- [Task brief] From the records, pick out and copy each line containing "close".

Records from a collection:
##########
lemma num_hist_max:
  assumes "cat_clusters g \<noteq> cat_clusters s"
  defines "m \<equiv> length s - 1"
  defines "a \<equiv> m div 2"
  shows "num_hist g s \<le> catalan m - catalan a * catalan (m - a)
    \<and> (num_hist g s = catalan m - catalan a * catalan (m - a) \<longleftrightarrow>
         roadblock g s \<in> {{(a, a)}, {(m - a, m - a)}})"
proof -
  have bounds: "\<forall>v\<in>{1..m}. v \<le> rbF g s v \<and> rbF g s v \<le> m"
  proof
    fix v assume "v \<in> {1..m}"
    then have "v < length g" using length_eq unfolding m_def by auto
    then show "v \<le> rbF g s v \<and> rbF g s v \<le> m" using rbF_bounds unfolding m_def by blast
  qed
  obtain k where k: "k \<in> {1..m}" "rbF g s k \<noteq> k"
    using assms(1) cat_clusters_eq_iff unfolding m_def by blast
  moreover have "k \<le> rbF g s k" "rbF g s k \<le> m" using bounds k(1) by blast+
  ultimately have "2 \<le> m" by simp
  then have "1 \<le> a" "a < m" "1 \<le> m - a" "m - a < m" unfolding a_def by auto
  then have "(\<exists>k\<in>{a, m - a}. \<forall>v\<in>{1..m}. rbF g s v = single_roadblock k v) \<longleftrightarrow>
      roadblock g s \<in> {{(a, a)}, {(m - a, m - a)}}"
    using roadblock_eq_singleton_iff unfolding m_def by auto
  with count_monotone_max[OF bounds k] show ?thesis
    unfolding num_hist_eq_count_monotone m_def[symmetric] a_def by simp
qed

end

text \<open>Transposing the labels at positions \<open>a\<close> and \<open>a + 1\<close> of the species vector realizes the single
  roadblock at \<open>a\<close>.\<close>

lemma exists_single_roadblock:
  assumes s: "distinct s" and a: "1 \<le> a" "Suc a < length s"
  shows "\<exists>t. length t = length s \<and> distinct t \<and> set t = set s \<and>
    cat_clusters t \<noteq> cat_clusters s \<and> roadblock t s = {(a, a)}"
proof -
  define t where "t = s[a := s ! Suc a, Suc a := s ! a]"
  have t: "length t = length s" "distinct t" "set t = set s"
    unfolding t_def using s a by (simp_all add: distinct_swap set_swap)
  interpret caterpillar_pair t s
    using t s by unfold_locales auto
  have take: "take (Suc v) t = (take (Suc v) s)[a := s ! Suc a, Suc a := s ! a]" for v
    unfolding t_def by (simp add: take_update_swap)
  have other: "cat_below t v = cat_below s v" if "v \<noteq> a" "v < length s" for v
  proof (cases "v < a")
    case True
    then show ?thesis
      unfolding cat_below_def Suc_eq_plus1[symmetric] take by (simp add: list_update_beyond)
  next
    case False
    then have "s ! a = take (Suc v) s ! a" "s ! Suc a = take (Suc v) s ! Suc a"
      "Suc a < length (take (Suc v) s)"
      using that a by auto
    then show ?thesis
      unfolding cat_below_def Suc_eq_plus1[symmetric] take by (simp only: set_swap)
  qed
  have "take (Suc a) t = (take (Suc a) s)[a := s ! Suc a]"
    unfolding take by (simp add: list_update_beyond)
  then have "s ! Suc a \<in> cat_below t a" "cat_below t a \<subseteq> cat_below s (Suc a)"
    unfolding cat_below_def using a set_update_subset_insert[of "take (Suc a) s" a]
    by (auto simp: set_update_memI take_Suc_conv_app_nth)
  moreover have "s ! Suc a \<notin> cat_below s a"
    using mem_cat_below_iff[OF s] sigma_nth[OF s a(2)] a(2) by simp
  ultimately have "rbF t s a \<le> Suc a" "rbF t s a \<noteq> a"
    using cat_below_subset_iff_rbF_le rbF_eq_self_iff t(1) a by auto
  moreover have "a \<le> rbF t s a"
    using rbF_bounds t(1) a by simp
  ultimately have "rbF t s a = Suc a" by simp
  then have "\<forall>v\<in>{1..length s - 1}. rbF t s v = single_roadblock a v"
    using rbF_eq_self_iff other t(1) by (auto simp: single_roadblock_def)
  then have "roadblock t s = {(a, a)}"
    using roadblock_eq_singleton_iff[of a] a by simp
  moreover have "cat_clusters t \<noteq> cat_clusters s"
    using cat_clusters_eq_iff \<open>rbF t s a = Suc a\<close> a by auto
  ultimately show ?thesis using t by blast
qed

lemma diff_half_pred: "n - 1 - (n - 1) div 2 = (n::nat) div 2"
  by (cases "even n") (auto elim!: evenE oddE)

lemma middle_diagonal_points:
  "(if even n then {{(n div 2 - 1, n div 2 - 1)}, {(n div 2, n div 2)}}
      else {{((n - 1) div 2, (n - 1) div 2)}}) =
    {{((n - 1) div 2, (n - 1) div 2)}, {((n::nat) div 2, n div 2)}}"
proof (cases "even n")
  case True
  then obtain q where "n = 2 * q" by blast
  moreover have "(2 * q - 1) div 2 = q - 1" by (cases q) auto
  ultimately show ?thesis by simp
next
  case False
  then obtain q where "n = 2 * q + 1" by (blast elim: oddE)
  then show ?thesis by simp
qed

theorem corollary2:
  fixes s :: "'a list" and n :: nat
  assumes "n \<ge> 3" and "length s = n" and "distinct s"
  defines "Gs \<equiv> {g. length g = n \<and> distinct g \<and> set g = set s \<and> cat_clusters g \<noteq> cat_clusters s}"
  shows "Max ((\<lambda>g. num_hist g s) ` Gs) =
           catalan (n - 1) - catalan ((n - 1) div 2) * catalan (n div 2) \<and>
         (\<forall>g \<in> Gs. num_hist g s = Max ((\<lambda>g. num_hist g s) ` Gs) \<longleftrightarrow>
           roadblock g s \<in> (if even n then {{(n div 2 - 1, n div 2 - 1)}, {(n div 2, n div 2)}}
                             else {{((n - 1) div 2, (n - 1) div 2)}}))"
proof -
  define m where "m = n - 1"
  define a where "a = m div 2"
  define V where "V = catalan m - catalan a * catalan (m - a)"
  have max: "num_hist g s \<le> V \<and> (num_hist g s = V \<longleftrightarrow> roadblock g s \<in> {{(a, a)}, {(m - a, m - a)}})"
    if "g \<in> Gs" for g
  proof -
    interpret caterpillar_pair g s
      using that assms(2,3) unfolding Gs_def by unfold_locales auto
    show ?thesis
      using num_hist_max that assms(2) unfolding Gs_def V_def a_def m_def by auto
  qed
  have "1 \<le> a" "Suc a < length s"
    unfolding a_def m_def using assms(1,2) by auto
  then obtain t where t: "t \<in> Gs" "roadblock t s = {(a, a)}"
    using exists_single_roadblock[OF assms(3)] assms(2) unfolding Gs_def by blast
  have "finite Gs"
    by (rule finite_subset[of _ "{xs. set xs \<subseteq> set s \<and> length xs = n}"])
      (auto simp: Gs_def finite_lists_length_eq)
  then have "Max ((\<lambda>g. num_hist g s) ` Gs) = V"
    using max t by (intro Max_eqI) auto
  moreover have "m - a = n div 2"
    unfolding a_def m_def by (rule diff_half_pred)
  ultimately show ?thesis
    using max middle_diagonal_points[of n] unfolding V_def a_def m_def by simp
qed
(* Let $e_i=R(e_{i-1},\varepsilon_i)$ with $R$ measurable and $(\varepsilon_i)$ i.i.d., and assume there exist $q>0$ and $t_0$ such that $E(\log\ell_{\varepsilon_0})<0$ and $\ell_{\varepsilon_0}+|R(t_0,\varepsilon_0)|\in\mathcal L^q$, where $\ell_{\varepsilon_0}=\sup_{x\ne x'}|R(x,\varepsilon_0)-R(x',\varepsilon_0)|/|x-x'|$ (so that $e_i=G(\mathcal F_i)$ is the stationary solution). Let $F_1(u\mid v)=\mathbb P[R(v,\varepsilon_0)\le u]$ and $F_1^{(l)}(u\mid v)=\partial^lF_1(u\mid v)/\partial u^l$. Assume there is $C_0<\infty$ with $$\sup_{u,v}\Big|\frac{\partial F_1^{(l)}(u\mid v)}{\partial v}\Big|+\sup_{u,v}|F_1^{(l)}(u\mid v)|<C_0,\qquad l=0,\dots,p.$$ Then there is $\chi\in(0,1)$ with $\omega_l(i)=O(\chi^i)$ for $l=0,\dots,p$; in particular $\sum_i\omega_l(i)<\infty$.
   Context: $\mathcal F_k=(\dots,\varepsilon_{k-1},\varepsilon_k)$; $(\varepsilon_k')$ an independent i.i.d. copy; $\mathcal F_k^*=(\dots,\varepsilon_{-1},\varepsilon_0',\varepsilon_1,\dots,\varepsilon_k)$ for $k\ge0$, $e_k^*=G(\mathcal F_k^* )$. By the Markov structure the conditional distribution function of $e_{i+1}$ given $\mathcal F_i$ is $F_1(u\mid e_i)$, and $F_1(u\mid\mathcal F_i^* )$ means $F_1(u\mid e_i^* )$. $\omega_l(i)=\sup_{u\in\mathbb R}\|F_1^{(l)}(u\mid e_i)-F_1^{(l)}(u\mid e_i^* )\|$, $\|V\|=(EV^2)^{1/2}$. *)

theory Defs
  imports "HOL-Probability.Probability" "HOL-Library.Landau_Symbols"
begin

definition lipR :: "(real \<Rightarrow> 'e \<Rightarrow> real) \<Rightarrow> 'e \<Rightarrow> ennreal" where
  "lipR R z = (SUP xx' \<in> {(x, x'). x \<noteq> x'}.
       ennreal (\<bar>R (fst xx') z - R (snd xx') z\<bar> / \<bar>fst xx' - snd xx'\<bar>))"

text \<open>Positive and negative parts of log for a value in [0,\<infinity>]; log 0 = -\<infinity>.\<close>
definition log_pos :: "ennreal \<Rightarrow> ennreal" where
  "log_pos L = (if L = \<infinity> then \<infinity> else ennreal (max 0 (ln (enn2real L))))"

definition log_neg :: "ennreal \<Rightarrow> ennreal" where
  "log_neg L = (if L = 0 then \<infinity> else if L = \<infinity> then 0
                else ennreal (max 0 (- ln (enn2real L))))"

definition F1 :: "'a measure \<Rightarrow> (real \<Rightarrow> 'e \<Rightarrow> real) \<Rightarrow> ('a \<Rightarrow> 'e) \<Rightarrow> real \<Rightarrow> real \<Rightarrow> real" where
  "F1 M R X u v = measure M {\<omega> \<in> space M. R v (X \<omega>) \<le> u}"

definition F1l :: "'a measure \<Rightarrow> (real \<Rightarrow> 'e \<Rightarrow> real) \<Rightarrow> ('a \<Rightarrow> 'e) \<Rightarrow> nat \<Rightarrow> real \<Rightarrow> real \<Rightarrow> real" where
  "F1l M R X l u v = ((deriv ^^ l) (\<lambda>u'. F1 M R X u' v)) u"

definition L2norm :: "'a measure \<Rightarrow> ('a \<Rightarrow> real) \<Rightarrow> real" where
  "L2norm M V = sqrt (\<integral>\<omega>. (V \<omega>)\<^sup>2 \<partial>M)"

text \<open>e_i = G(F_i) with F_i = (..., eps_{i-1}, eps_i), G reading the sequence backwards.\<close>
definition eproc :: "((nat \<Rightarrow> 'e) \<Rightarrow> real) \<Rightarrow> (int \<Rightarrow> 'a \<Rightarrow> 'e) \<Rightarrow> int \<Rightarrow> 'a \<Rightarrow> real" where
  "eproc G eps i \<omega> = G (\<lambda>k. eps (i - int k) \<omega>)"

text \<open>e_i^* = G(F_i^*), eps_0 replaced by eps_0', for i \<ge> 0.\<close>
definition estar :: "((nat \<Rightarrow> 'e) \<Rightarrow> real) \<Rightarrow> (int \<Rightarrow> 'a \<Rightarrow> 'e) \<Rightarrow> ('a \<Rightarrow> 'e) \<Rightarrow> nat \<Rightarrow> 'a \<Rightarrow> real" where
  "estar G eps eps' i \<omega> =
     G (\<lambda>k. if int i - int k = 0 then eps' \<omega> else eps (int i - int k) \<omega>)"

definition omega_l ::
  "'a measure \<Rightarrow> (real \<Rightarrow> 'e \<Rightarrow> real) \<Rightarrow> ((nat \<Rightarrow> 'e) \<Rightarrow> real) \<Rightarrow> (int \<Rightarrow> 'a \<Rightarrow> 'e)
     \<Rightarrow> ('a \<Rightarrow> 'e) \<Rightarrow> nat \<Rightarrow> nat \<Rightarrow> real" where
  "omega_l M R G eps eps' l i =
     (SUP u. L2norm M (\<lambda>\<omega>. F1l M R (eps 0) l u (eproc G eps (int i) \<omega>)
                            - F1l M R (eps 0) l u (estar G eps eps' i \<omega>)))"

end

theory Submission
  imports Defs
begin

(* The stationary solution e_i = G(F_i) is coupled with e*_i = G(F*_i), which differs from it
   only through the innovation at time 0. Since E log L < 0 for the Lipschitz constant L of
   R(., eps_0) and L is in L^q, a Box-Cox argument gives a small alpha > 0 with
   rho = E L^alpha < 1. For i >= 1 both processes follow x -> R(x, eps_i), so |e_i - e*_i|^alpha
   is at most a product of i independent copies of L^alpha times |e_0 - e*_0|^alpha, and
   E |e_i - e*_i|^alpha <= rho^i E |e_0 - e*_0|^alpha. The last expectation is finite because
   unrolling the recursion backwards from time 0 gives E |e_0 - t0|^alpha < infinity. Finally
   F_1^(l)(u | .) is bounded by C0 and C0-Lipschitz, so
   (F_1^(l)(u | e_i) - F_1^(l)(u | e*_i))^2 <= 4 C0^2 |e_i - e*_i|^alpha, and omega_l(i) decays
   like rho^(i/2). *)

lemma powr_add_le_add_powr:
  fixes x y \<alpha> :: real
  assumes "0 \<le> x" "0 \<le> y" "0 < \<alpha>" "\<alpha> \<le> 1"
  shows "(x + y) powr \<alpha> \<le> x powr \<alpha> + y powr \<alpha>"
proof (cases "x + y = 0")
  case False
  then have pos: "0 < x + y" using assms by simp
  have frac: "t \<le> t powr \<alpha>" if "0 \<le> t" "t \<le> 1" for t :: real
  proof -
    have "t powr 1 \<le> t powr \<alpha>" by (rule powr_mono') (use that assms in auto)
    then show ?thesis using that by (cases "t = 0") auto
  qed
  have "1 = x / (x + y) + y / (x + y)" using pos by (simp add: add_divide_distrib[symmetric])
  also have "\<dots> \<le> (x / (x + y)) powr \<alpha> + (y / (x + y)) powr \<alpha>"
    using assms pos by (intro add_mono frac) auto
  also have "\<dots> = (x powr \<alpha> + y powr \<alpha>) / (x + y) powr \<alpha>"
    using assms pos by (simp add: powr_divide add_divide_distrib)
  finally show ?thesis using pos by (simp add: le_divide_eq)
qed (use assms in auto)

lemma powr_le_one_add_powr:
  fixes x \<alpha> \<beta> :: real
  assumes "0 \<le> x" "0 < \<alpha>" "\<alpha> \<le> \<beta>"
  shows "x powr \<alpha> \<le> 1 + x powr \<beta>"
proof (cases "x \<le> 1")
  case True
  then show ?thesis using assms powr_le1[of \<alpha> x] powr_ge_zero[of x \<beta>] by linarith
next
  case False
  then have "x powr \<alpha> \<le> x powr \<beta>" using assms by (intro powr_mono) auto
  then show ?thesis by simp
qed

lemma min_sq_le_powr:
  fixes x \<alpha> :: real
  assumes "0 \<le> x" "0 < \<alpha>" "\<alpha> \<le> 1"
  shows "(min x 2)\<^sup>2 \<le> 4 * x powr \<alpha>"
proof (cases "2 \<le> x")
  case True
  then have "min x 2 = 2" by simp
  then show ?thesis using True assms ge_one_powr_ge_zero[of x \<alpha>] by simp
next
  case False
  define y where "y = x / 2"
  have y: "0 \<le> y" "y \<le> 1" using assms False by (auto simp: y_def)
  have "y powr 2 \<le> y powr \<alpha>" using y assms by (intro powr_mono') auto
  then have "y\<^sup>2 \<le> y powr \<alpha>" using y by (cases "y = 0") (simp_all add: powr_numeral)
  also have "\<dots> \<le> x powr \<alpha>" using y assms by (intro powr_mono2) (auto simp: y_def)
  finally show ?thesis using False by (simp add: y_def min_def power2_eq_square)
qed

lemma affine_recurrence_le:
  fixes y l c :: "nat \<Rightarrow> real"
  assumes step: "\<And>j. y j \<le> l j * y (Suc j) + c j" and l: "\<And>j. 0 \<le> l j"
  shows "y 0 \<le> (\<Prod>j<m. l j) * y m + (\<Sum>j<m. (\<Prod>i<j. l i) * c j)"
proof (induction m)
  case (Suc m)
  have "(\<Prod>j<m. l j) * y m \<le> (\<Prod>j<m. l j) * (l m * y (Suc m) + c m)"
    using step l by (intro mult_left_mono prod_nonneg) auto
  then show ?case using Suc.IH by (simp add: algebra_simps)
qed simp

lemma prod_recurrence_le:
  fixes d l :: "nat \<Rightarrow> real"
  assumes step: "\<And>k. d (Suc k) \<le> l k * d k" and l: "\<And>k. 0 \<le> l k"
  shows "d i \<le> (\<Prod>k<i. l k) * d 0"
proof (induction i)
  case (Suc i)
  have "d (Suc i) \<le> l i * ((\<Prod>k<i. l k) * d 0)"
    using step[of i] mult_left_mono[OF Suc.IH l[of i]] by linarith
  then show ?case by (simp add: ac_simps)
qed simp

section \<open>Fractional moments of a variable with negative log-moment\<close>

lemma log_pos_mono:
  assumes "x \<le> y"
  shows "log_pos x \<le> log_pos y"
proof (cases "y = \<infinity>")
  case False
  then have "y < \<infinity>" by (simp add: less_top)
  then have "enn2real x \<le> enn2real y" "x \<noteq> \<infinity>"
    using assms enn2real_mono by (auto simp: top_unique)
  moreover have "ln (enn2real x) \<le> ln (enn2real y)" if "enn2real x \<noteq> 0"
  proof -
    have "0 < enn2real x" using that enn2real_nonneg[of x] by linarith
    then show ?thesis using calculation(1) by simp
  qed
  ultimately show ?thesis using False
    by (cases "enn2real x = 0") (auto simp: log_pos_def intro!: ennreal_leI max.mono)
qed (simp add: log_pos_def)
##########
- [Task solution]
text \<open>Transposing the labels at positions \<open>a\<close> and \<open>a + 1\<close> of the species vector realizes the single
  roadblock at \<open>a\<close>.\<close>
    using cat_clusters_eq_iff \<open>rbF t s a = Suc a\<close> a by auto
text \<open>Positive and negative parts of log for a value in [0,\<infinity>]; log 0 = -\<infinity>.\<close>
text \<open>e_i = G(F_i) with F_i = (..., eps_{i-1}, eps_i), G reading the sequence backwards.\<close>
text \<open>e_i^* = G(F_i^*), eps_0 replaced by eps_0', for i \<ge> 0.\<close>
section \<open>Fractional moments of a variable with negative log-moment\<close>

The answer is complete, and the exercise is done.